(TASK STATEMENT)
Among the entries below, tally each line containing "definition"; respond with the total only.

Content starts

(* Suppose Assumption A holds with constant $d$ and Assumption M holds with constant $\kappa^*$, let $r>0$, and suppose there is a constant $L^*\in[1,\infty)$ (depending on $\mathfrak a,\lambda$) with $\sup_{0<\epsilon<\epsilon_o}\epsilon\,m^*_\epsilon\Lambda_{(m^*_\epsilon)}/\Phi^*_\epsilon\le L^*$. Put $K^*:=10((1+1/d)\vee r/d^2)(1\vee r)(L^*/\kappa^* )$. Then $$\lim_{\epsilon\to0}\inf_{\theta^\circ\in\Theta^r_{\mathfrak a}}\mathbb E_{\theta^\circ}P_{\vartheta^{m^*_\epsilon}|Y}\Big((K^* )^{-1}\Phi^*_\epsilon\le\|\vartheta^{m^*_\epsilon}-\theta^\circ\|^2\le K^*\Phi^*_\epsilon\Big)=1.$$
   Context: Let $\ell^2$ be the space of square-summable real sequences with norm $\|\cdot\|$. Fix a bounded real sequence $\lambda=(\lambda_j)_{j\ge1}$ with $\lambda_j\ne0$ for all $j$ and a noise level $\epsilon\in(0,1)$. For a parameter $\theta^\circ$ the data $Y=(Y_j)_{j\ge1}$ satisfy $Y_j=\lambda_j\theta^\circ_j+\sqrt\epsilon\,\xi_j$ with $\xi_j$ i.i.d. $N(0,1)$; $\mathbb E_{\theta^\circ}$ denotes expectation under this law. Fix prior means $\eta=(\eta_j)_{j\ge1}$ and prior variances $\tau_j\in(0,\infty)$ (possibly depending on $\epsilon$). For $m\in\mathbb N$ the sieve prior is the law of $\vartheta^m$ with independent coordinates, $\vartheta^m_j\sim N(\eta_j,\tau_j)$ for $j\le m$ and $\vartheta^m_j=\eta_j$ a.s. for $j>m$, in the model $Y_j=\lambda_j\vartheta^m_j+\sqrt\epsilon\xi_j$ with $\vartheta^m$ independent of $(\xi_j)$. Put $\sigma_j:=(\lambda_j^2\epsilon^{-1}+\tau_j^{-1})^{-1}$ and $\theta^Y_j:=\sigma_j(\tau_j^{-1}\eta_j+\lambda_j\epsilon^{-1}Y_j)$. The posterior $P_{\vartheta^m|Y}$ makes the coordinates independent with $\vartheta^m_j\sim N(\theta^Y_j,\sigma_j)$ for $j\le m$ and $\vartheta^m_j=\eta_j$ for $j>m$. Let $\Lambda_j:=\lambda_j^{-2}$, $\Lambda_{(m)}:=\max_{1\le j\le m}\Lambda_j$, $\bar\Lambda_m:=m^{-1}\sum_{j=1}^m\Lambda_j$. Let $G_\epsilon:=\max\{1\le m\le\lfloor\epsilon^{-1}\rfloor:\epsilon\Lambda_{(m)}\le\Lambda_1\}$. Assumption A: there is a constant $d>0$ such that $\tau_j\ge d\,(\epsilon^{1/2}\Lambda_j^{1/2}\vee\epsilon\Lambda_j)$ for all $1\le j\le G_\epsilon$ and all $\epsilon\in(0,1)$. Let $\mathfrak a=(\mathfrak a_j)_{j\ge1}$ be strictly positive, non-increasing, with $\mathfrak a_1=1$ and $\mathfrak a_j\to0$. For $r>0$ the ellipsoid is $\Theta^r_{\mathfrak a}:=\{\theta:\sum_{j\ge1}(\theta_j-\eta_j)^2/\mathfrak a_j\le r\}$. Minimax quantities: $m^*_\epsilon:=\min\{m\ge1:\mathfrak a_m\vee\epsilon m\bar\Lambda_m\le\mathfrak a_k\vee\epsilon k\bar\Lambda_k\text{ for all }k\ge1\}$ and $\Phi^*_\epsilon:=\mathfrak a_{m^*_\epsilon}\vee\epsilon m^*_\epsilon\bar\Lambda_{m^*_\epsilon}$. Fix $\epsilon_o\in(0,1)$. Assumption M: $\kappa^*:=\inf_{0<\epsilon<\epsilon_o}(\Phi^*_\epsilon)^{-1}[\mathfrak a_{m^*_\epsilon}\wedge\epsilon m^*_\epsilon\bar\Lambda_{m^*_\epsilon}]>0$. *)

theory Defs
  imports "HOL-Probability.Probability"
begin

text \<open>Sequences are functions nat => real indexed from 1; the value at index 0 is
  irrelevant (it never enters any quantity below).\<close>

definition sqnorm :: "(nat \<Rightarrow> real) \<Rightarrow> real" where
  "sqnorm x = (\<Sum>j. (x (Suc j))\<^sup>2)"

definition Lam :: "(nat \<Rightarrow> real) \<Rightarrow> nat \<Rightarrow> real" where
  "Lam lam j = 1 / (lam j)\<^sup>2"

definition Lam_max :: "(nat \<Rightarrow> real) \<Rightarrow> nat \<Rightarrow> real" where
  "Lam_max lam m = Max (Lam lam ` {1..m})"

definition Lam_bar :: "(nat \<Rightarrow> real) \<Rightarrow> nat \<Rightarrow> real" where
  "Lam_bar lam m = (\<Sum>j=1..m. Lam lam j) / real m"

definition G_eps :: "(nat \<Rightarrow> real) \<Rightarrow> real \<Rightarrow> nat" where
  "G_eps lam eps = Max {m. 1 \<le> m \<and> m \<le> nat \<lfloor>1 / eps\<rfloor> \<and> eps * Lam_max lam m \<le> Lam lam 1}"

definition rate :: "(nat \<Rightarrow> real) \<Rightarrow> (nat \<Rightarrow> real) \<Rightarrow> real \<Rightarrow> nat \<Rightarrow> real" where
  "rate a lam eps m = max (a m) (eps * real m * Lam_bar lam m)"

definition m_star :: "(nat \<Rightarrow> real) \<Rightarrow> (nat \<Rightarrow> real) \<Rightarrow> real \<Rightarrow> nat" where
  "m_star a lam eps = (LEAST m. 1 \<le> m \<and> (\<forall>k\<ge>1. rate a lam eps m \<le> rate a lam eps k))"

Content ends

(ANSWER BOX)
7